Stored data entries:
lemma permutes_moved_value_decreases:
  assumes w: "w permutes {1..n}" and u: "u permutes {1..n}" and D: "Des n u \<subseteq> LRM' n w"
    and i: "i \<in> {1..n}" and prefix: "\<And>j. j \<in> {1..<i} \<Longrightarrow> u (w j) = w j"
    and moved: "u (w i) \<noteq> w i"
  shows "u (w i) < w i"
proof -
  \<comment> \<open>the value of the last left-to-right minimum of w before position i, or Suc n if i = 1\<close>
  define M where "M = Min (insert (Suc n) (w ` {1..<i}))"
  have M_le: "M \<le> w j" if "j \<in> {1..<i}" for j
    unfolding M_def by (rule Min_le) (use that in auto)
  have M_cases: "M = Suc n \<or> M \<in> w ` {1..<i}"
    unfolding M_def using Min_in[of "insert (Suc n) (w ` {1..<i})"] by auto
  have "1 \<le> M"
    using M_cases i permutes_in_image[OF w] by fastforce
  have "u M = M"
    using M_cases prefix permutes_not_in[OF u, of "Suc n"] by auto
  have LRM_fixed: "u l = l" if "l \<in> LRM n w" "inv w l < i" for l
    using prefix[of "inv w l"] LRM_position[OF w that(1)] that(2) by simp
  have LRM_before: "inv w l < i" if l: "l \<in> LRM n w" and "M \<le> l" for l
  proof (rule ccontr)
    assume "\<not> inv w l < i"
    then have "\<forall>a \<in> insert (Suc n) (w ` {1..<i}). l < a"
      using l unfolding LRM_def by auto
    then have "l < M" unfolding M_def by simp
    with \<open>M \<le> l\<close> show False by simp
  qed
  have fix_upper: "u y = y" if "y \<in> {M..n}" for y
  proof (rule permutes_fixes_upper_interval[OF u D \<open>1 \<le> M\<close> \<open>u M = M\<close> _ that])
    fix d assume "d \<in> LRM' n w" "M \<le> Suc d"
    then show "u (Suc d) = Suc d" using LRM'_imp_Suc_LRM LRM_before LRM_fixed by blast
  qed
  have x: "w i \<in> {1..n}" using permutes_in_image[OF w] i by blast
  then have "w i < M" using fix_upper[of "w i"] moved by fastforce
  have "u (w i) \<le> w i"
  proof (rule permutes_image_le_below_gap[OF u D fix_upper])
    show "1 \<le> w i" "w i < M" using x \<open>w i < M\<close> by simp_all
    fix d assume "d \<in> LRM' n w" "w i \<le> d"
    then have l: "Suc d \<in> LRM n w" and "w i < Suc d" using LRM'_imp_Suc_LRM by auto
    then have "inv w (Suc d) < i" using LRM_le_if_not_before[OF w l] i by fastforce
    then show "M \<le> Suc d"
      using M_le[of "inv w (Suc d)"] LRM_position[OF w l] by simp
  qed
  with moved show ?thesis by simp
qed

lemma lex_less_if_Des_subset_LRM':
  assumes w: "w permutes {1..n}" and u: "u permutes {1..n}" and D: "Des n u \<subseteq> LRM' n w"
    and "u \<noteq> id"
  shows "lex_less n (u \<circ> w) w"
proof -
  obtain y where "u y \<noteq> y" using \<open>u \<noteq> id\<close> by (auto simp: fun_eq_iff)
  then have "inv w y \<in> {1..n} \<and> u (w (inv w y)) \<noteq> w (inv w y)"
    using permutes_not_in[OF u] permutes_in_image[OF permutes_inv[OF w]] permutes_inverses(1)[OF w]
    by metis
  then obtain i where i: "i \<in> {1..n}" "u (w i) \<noteq> w i"
    and least: "\<And>j. j < i \<Longrightarrow> \<not> (j \<in> {1..n} \<and> u (w j) \<noteq> w j)"
    using exists_least_iff[of "\<lambda>i. i \<in> {1..n} \<and> u (w i) \<noteq> w i"] by blast
  have prefix: "u (w j) = w j" if "j \<in> {1..<i}" for j
    using least[of j] that i(1) by auto
  have "u (w i) < w i" by (rule permutes_moved_value_decreases[OF w u D i(1) prefix i(2)])
  then show ?thesis unfolding lex_less_def using i(1) prefix by (intro bexI[of _ i]) auto
qed

lemma finite_perms: "finite (perms n)"
  unfolding perms_def using finite_permutations[of "{1..n}"] by simp

lemma comp_inv_in_perms_iff:
  assumes "w \<in> perms n"
  shows "\<sigma> \<circ> inv w \<in> perms n \<longleftrightarrow> \<sigma> \<in> perms n"
proof
  have w: "w permutes {1..n}" using assms unfolding perms_def by simp
  show "\<sigma> \<in> perms n" if "\<sigma> \<circ> inv w \<in> perms n"
  proof -
    have "(\<sigma> \<circ> inv w) \<circ> w permutes {1..n}"
      using permutes_compose[OF w] that unfolding perms_def by simp
    then show ?thesis unfolding perms_def o_assoc[symmetric] permutes_inv_o(2)[OF w] by simp
  qed
  show "\<sigma> \<circ> inv w \<in> perms n" if "\<sigma> \<in> perms n"
    using permutes_compose[OF permutes_inv[OF w]] that unfolding perms_def by simp
qed

lemma ga_mult_of_perm_right:
  assumes w: "w \<in> perms n"
  shows "ga_mult n x (of_perm w) \<sigma> = (if \<sigma> \<in> perms n then x (\<sigma> \<circ> inv w) else 0)"
proof -
  have inv_w: "w \<circ> inv w = id" "inv w \<circ> w = id"
    using w permutes_inv_o unfolding perms_def by blast+
  define S where "S = {(u, v). u \<in> perms n \<and> v \<in> perms n \<and> u \<circ> v = \<sigma>}"
  have "finite S"
    by (rule finite_subset[of _ "perms n \<times> perms n"]) (auto simp: S_def finite_perms)
  have summand: "x u * of_perm w v = (if (u, v) = (\<sigma> \<circ> inv w, w) then x (\<sigma> \<circ> inv w) else 0)"
    if "(u, v) \<in> S" for u v
    using that inv_w(1) unfolding S_def of_perm_def by (auto simp: o_assoc[symmetric])
  have "ga_mult n x (of_perm w) \<sigma> = (\<Sum>p\<in>S. x (fst p) * of_perm w (snd p))"
    unfolding ga_mult_def S_def by simp
  also have "\<dots> = (\<Sum>p\<in>S. if p = (\<sigma> \<circ> inv w, w) then x (\<sigma> \<circ> inv w) else 0)"
    using summand by (intro sum.cong) auto
  also have "\<dots> = (if (\<sigma> \<circ> inv w, w) \<in> S then x (\<sigma> \<circ> inv w) else 0)"
    using \<open>finite S\<close> by simp
  also have "(\<sigma> \<circ> inv w, w) \<in> S \<longleftrightarrow> \<sigma> \<in> perms n"
    unfolding S_def using w inv_w(2) comp_inv_in_perms_iff[OF w] by (simp add: o_assoc[symmetric])
  finally show ?thesis .
qed

lemma sum_mult_of_perm:
  assumes "finite V"
  shows "(\<Sum>v\<in>V. c v * of_perm v \<sigma>) = (if \<sigma> \<in> V then c \<sigma> else 0)"
  using assms unfolding of_perm_def by (simp add: if_distrib[of "(*) _"] eq_commute[of \<sigma>] cong: if_cong)

lemma ga_mult_B_LRM'_of_perm_unless_lex_less:
  assumes w: "w \<in> perms n" and \<sigma>: "\<sigma> \<notin> {v \<in> perms n. lex_less n v w}"
  shows "ga_mult n (B n (LRM' n w)) (of_perm w) \<sigma> = of_perm w \<sigma>"
proof -
  have wp: "w permutes {1..n}" using w unfolding perms_def by simp
  have \<sigma>_eq: "(\<sigma> \<circ> inv w) \<circ> w = \<sigma>" by (simp add: o_assoc[symmetric] permutes_inv_o(2)[OF wp])
  have B_eq: "ga_mult n (B n (LRM' n w)) (of_perm w) \<sigma>
      = (if \<sigma> \<circ> inv w \<in> perms n \<and> Des n (\<sigma> \<circ> inv w) \<subseteq> LRM' n w then 1 else 0)"
    unfolding ga_mult_of_perm_right[OF w] B_def comp_inv_in_perms_iff[OF w] by simp
  show ?thesis
  proof (cases "\<sigma> = w")
    case True
    have "Des n id = {}" unfolding Des_def by simp
    then show ?thesis
      unfolding B_eq using True permutes_inv_o(1)[OF wp] w by (simp add: of_perm_def perms_def)
  next
    case False
    have "\<not> (\<sigma> \<circ> inv w \<in> perms n \<and> Des n (\<sigma> \<circ> inv w) \<subseteq> LRM' n w)"
    proof
      assume u: "\<sigma> \<circ> inv w \<in> perms n \<and> Des n (\<sigma> \<circ> inv w) \<subseteq> LRM' n w"
      moreover have "\<sigma> \<circ> inv w \<noteq> id" using False \<sigma>_eq by auto
      ultimately have "lex_less n \<sigma> w"
        using lex_less_if_Des_subset_LRM'[OF wp, of "\<sigma> \<circ> inv w"] \<sigma>_eq unfolding perms_def by simp
      with u \<sigma> show False using comp_inv_in_perms_iff[OF w] by blast
    qed
    then show ?thesis unfolding B_eq using False by (simp add: of_perm_def)
  qed
qed

theorem corollary3p5:
  fixes n :: nat and w :: "nat \<Rightarrow> nat"
  assumes "w \<in> perms n"
  shows "\<exists>c :: (nat \<Rightarrow> nat) \<Rightarrow> 'k::comm_ring_1.
           ga_mult n (B n (LRM' n w)) (of_perm w) =
           (\<lambda>\<sigma>. of_perm w \<sigma> +
                 (\<Sum>v\<in>{v \<in> perms n. lex_less n v w}. c v * of_perm v \<sigma>))"
proof -
  define V where "V = {v \<in> perms n. lex_less n v w}"
  define c :: "(nat \<Rightarrow> nat) \<Rightarrow> 'k" where "c = ga_mult n (B n (LRM' n w)) (of_perm w)"
  have "finite V" unfolding V_def using finite_perms by simp
  have "c \<sigma> = of_perm w \<sigma> + (\<Sum>v\<in>V. c v * of_perm v \<sigma>)" for \<sigma>
  proof (cases "\<sigma> \<in> V")
    case True
    then have "\<sigma> \<noteq> w" unfolding V_def lex_less_def by auto
    then have "of_perm w \<sigma> = (0 :: 'k)" by (simp add: of_perm_def)
    then show ?thesis using True sum_mult_of_perm[OF \<open>finite V\<close>, of c \<sigma>] by simp
  next
    case False
    then have "c \<sigma> = of_perm w \<sigma>"
      unfolding c_def V_def by (rule ga_mult_B_LRM'_of_perm_unless_lex_less[OF assms])
    then show ?thesis using False sum_mult_of_perm[OF \<open>finite V\<close>, of c \<sigma>] by simp
  qed
  then have "ga_mult n (B n (LRM' n w)) (of_perm w) = (\<lambda>\<sigma>. of_perm w \<sigma> + (\<Sum>v\<in>V. c v * of_perm v \<sigma>))"
    unfolding c_def[symmetric] by (rule ext)
  then show ?thesis unfolding V_def by blast
qed

end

### [Assigned task]
Copy out, exactly and alone, the lines of the entries above between the ones holding "assms unfolding perms_def by simp" and "unfolding ga_mult_def S_def by simp", inclusive.

### [Written answer]
  have w: "w permutes {1..n}" using assms unfolding perms_def by simp
  show "\<sigma> \<in> perms n" if "\<sigma> \<circ> inv w \<in> perms n"
  proof -
    have "(\<sigma> \<circ> inv w) \<circ> w permutes {1..n}"
      using permutes_compose[OF w] that unfolding perms_def by simp
    then show ?thesis unfolding perms_def o_assoc[symmetric] permutes_inv_o(2)[OF w] by simp
  qed
  show "\<sigma> \<circ> inv w \<in> perms n" if "\<sigma> \<in> perms n"
    using permutes_compose[OF permutes_inv[OF w]] that unfolding perms_def by simp
qed

lemma ga_mult_of_perm_right:
  assumes w: "w \<in> perms n"
  shows "ga_mult n x (of_perm w) \<sigma> = (if \<sigma> \<in> perms n then x (\<sigma> \<circ> inv w) else 0)"
proof -
  have inv_w: "w \<circ> inv w = id" "inv w \<circ> w = id"
    using w permutes_inv_o unfolding perms_def by blast+
  define S where "S = {(u, v). u \<in> perms n \<and> v \<in> perms n \<and> u \<circ> v = \<sigma>}"
  have "finite S"
    by (rule finite_subset[of _ "perms n \<times> perms n"]) (auto simp: S_def finite_perms)
  have summand: "x u * of_perm w v = (if (u, v) = (\<sigma> \<circ> inv w, w) then x (\<sigma> \<circ> inv w) else 0)"
    if "(u, v) \<in> S" for u v
    using that inv_w(1) unfolding S_def of_perm_def by (auto simp: o_assoc[symmetric])
  have "ga_mult n x (of_perm w) \<sigma> = (\<Sum>p\<in>S. x (fst p) * of_perm w (snd p))"
    unfolding ga_mult_def S_def by simp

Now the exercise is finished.